§ **Work task**
Needed from the data below: every line from the one with "using \<open>N > 0\<close> by (cases" up to and including the one with "using assms by (auto", repeated exactly and with nothing else.

[[ Supplied records, beginning ]]

(* For $t=3$ topics, $r_3 = \frac{5}{6}$.
   Context: Let $t$ be a positive integer (the number of topics). A voter matrix with $t$ topics is a matrix $V\in\{Y,N\}^{n\times t}$ for some positive integer $n$ (rows are voters), subject to the standing assumption that in every column the number of entries $Y$ is at least the number of entries $N$. $\mathcal{V}_t$ is the set of all voter matrices with $t$ topics and any number of voters. A proposal is a vector $p\in\{Y,N\}^t$. A voter $v$ supports $p$ if the Hamming distance between $v$ and $p$ is at most $t/2$; $p$ is supported by $V$ if at least $n/2$ rows of $V$ support $p$. For $i=1,\dots,t$ let $m_i$ be the fraction of entries $Y$ in column $i$ of $V$, and $m_V=\frac1t\sum_i m_i$. For a proposal $p$ let $m_i'=m_i$ if $p_i=Y$ and $m_i'=1-m_i$ if $p_i=N$; set $R_p=\frac1t\sum_i m_i'$ and $r_p=R_p/m_V$. Let $r_V=\max r_p$, the maximum over all proposals $p$ supported by $V$, and $r_t=\inf_{V\in\mathcal{V}_t} r_V$. *)

theory Defs
  imports Complex_Main
begin

text \<open>A voter is a row: a list of booleans of length t (True = Y, False = N).\<close>

definition voter_matrix :: "nat \<Rightarrow> bool list list \<Rightarrow> bool" where
  "voter_matrix t V \<longleftrightarrow> t > 0 \<and> V \<noteq> [] \<and> (\<forall>v\<in>set V. length v = t) \<and>
     (\<forall>j<t. length (filter (\<lambda>v. \<not> v ! j) V) \<le> length (filter (\<lambda>v. v ! j) V))"

definition hamming :: "nat \<Rightarrow> bool list \<Rightarrow> bool list \<Rightarrow> nat" where
  "hamming t v p = card {j. j < t \<and> v ! j \<noteq> p ! j}"

definition supports :: "nat \<Rightarrow> bool list \<Rightarrow> bool list \<Rightarrow> bool" where
  "supports t v p \<longleftrightarrow> real (hamming t v p) \<le> real t / 2"

definition supported :: "nat \<Rightarrow> bool list list \<Rightarrow> bool list \<Rightarrow> bool" where
  "supported t V p \<longleftrightarrow> real (length (filter (\<lambda>v. supports t v p) V)) \<ge> real (length V) / 2"

definition frac_Y :: "bool list list \<Rightarrow> nat \<Rightarrow> real" where
  "frac_Y V j = real (length (filter (\<lambda>v. v ! j) V)) / real (length V)"

definition m_V :: "nat \<Rightarrow> bool list list \<Rightarrow> real" where
  "m_V t V = (\<Sum>j<t. frac_Y V j) / real t"

definition R_p :: "nat \<Rightarrow> bool list list \<Rightarrow> bool list \<Rightarrow> real" where
  "R_p t V p = (\<Sum>j<t. if p ! j then frac_Y V j else 1 - frac_Y V j) / real t"

definition r_p :: "nat \<Rightarrow> bool list list \<Rightarrow> bool list \<Rightarrow> real" where
  "r_p t V p = R_p t V p / m_V t V"

definition r_V :: "nat \<Rightarrow> bool list list \<Rightarrow> real" where
  "r_V t V = Max {r_p t V p | p. length p = t \<and> supported t V p}"

definition r_t :: "nat \<Rightarrow> real" where
  "r_t t = Inf {r_V t V | V. voter_matrix t V}"

end

theory Submission
  imports Defs "HOL-Real_Asymp.Real_Asymp"
begin

(* Write m for the number of voters and n_j for the number of N entries in column j; their sum s
   is the total Hamming distance of the voters from the all-Y proposal.  If all-Y is supported,
   its ratio is 1.  Otherwise more than m/2 voters are at distance at least 2 from it, so s > m.
   Counting voter by voter, s = n_j + (opponents of the proposal whose only N is at j)
   + (opponents of all-Y); since the other two columns contribute at most m, each such single-N
   proposal is supported.  For n_j maximal, 12 n_j >= 4 s >= 3 m + s, which is exactly the
   ratio bound 5/6.

   For the upper bound, 3k-3 unanimous voters together with k+1 voters approving each single
   topic leave all-Y as the only proposal with ratio above 5/6 + 1/(4k-2), and all-Y is not
   supported. *)

lemma hamming_eq_sum: "hamming t v p = (\<Sum>j<t. of_bool (v ! j \<noteq> p ! j))"
  by (simp add: hamming_def Int_def conj_commute)

lemma supports_iff: "supports t v p \<longleftrightarrow> 2 * hamming t v p \<le> t"
  unfolding supports_def by linarith

lemma length_filter_eq_sum_list: "length (filter P xs) = (\<Sum>x\<leftarrow>xs. of_bool (P x))"
  by (induction xs) auto

lemma sum_list_sum_swap: "(\<Sum>x\<leftarrow>xs. \<Sum>i\<in>I. f x i) = (\<Sum>i\<in>I. \<Sum>x\<leftarrow>xs. f x i)"
  by (induction xs) (simp_all add: sum.distrib)

lemma ex_max_lessThan:
  fixes f :: "nat \<Rightarrow> 'a::linorder"
  assumes "0 < t"
  shows "\<exists>j<t. \<forall>i<t. f i \<le> f j"
proof -
  have "Max (f ` {..<t}) \<in> f ` {..<t}"
    using assms by (intro Max_in) auto
  then obtain j where "j < t" "f j = Max (f ` {..<t})"
    by (metis imageE lessThan_iff)
  then show ?thesis
    by auto
qed

definition opponents :: "nat \<Rightarrow> bool list list \<Rightarrow> bool list \<Rightarrow> nat" where
  "opponents t V p = length (filter (\<lambda>v. \<not> supports t v p) V)"

lemma supported_iff_opponents: "supported t V p \<longleftrightarrow> 2 * opponents t V p \<le> length V"
  using sum_length_filter_compl[of "\<lambda>v. supports t v p" V]
  unfolding supported_def opponents_def by linarith

lemma opponents_le_sum_hamming:
  "(t div 2 + 1) * opponents t V p \<le> (\<Sum>v\<leftarrow>V. hamming t v p)"
proof -
  have "(t div 2 + 1) * of_bool (\<not> supports t v p) \<le> hamming t v p" for v
    by (auto simp: supports_iff)
  then show ?thesis
    unfolding opponents_def length_filter_eq_sum_list sum_list_const_mult[symmetric]
    by (rule sum_list_mono)
qed

definition yeas :: "bool list list \<Rightarrow> nat \<Rightarrow> nat" where
  "yeas V j = length (filter (\<lambda>v. v ! j) V)"

definition nays :: "bool list list \<Rightarrow> nat \<Rightarrow> nat" where
  "nays V j = length (filter (\<lambda>v. \<not> v ! j) V)"

lemma yeas_add_nays: "yeas V j + nays V j = length V"
  by (simp add: yeas_def nays_def sum_length_filter_compl)

lemma sum_yeas_add_sum_nays: "(\<Sum>j<t. yeas V j) + (\<Sum>j<t. nays V j) = t * length V"
  by (simp flip: sum.distrib add: yeas_add_nays)

lemma voter_matrix_nays_le:
  assumes "voter_matrix t V" "j < t"
  shows "2 * nays V j \<le> length V"
  using assms yeas_add_nays[of V j] unfolding voter_matrix_def yeas_def nays_def by fastforce

lemma voter_matrix_sum_nays_le:
  assumes "voter_matrix t V" "j < t"
  shows "2 * (\<Sum>i<t. nays V i) \<le> 2 * nays V j + (t - 1) * length V"
proof -
  have "(\<Sum>i\<in>{..<t} - {j}. 2 * nays V i) \<le> card ({..<t} - {j}) * length V"
    using sum_bounded_above[of "{..<t} - {j}" "\<lambda>i. 2 * nays V i" "length V"]
      voter_matrix_nays_le[OF assms(1)] by simp
  then show ?thesis
    using assms(2) by (simp add: sum.remove[of _ j] flip: sum_distrib_left)
qed

lemma sum_nays_eq_sum_hamming:
  "(\<Sum>j<t. nays V j) = (\<Sum>v\<leftarrow>V. hamming t v (replicate t True))"
proof -
  have "hamming t v (replicate t True) = (\<Sum>j<t. of_bool (\<not> v ! j))" for v
    by (auto simp: hamming_eq_sum simp del: sum_of_bool_eq intro!: sum.cong)
  then show ?thesis
    by (simp add: nays_def length_filter_eq_sum_list sum_list_sum_swap del: sum_of_bool_eq)
qed

lemma r_p_eq_yeas_nays:
  assumes "V \<noteq> []"
  shows "r_p t V p =
    (\<Sum>j<t. if p ! j then real (yeas V j) else real (nays V j)) / (\<Sum>j<t. real (yeas V j))"
proof -
  define N where "N = real (length V)"
  have "N > 0" using assms by (simp add: N_def)
  have frac: "frac_Y V j = yeas V j / N" for j
    by (simp add: frac_Y_def yeas_def N_def)
  have "(if p ! j then frac_Y V j else 1 - frac_Y V j)
      = (if p ! j then real (yeas V j) else real (nays V j)) / N" for j
  proof -
    have "real (yeas V j) + real (nays V j) = N"
      unfolding N_def yeas_add_nays[of V j, symmetric] by simp
    then show ?thesis using \<open>N > 0\<close> by (auto simp: frac field_simps)
  qed
  then have "R_p t V p = (\<Sum>j<t. if p ! j then real (yeas V j) else real (nays V j)) / N / t"
    by (simp add: R_p_def sum_divide_distrib)
  moreover have "m_V t V = (\<Sum>j<t. real (yeas V j)) / N / t"
    by (simp add: m_V_def frac sum_divide_distrib)
  ultimately show ?thesis
    using \<open>N > 0\<close> by (cases "t = 0") (simp_all add: r_p_def)
qed

lemma r_p_all_yes:
  assumes "voter_matrix t V"
  shows "r_p t V (replicate t True) = 1"
proof -
  have "t > 0" "length V > 0"
    using assms by (auto simp: voter_matrix_def)
  then have "yeas V 0 > 0"
    using voter_matrix_nays_le[OF assms, of 0] yeas_add_nays[of V 0] by linarith
  then have "(\<Sum>j<t. real (yeas V j)) > 0"
    using \<open>t > 0\<close> by (intro sum_pos2[of _ 0]) auto
  then show ?thesis
    using assms by (simp add: r_p_eq_yeas_nays voter_matrix_def)
qed

lemma sum_if_replicate_update_False:
  fixes f g :: "nat \<Rightarrow> 'a::ab_group_add"
  assumes "j < t"
  shows "(\<Sum>i<t. if ((replicate t True)[j := False]) ! i then f i else g i)
    = (\<Sum>i<t. f i) - f j + g j"
proof -
  have "(\<Sum>i<t. if ((replicate t True)[j := False]) ! i then f i else g i)
      = g j + (\<Sum>i\<in>{..<t} - {j}. f i)"
    using assms by (simp add: sum.remove[of _ j] nth_list_update)
  also have "\<dots> = (\<Sum>i<t. f i) - f j + g j"
    using assms by (simp add: sum_diff1)
  finally show ?thesis .
qed

lemma hamming_all_yes_split:
  assumes "length v = 3" "j < 3"
  shows "hamming 3 v (replicate 3 True) = of_bool (\<not> v ! j)
    + of_bool (\<not> supports 3 v ((replicate 3 True)[j := False]))
    + of_bool (\<not> supports 3 v (replicate 3 True))"
proof -
  obtain a b c where "v = [a, b, c]"
    using assms(1) by (auto simp: numeral_3_eq_3 length_Suc_conv)
  moreover have "j = 0 \<or> j = 1 \<or> j = 2" using assms(2) by auto
  ultimately show ?thesis
    by (auto simp: supports_iff hamming_eq_sum numeral_3_eq_3 lessThan_Suc simp del: sum_of_bool_eq)
qed

lemma sum_nays_split:
  assumes "\<forall>v\<in>set V. length v = 3" "j < 3"
  shows "(\<Sum>i<3. nays V i) = nays V j + opponents 3 V ((replicate 3 True)[j := False])
    + opponents 3 V (replicate 3 True)"
proof -
  have "(\<Sum>v\<leftarrow>V. hamming 3 v (replicate 3 True))
      = (\<Sum>v\<leftarrow>V. of_bool (\<not> v ! j) + of_bool (\<not> supports 3 v ((replicate 3 True)[j := False]))
                   + of_bool (\<not> supports 3 v (replicate 3 True)))"
    using assms hamming_all_yes_split by (auto intro!: arg_cong[where f = sum_list])
  then show ?thesis
    unfolding sum_nays_eq_sum_hamming
    by (simp add: nays_def opponents_def length_filter_eq_sum_list sum_list_addf)
qed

[[ Supplied records, end ]]

§ **Output for this task**
    using \<open>N > 0\<close> by (cases "t = 0") (simp_all add: r_p_def)
qed

lemma r_p_all_yes:
  assumes "voter_matrix t V"
  shows "r_p t V (replicate t True) = 1"
proof -
  have "t > 0" "length V > 0"
    using assms by (auto simp: voter_matrix_def)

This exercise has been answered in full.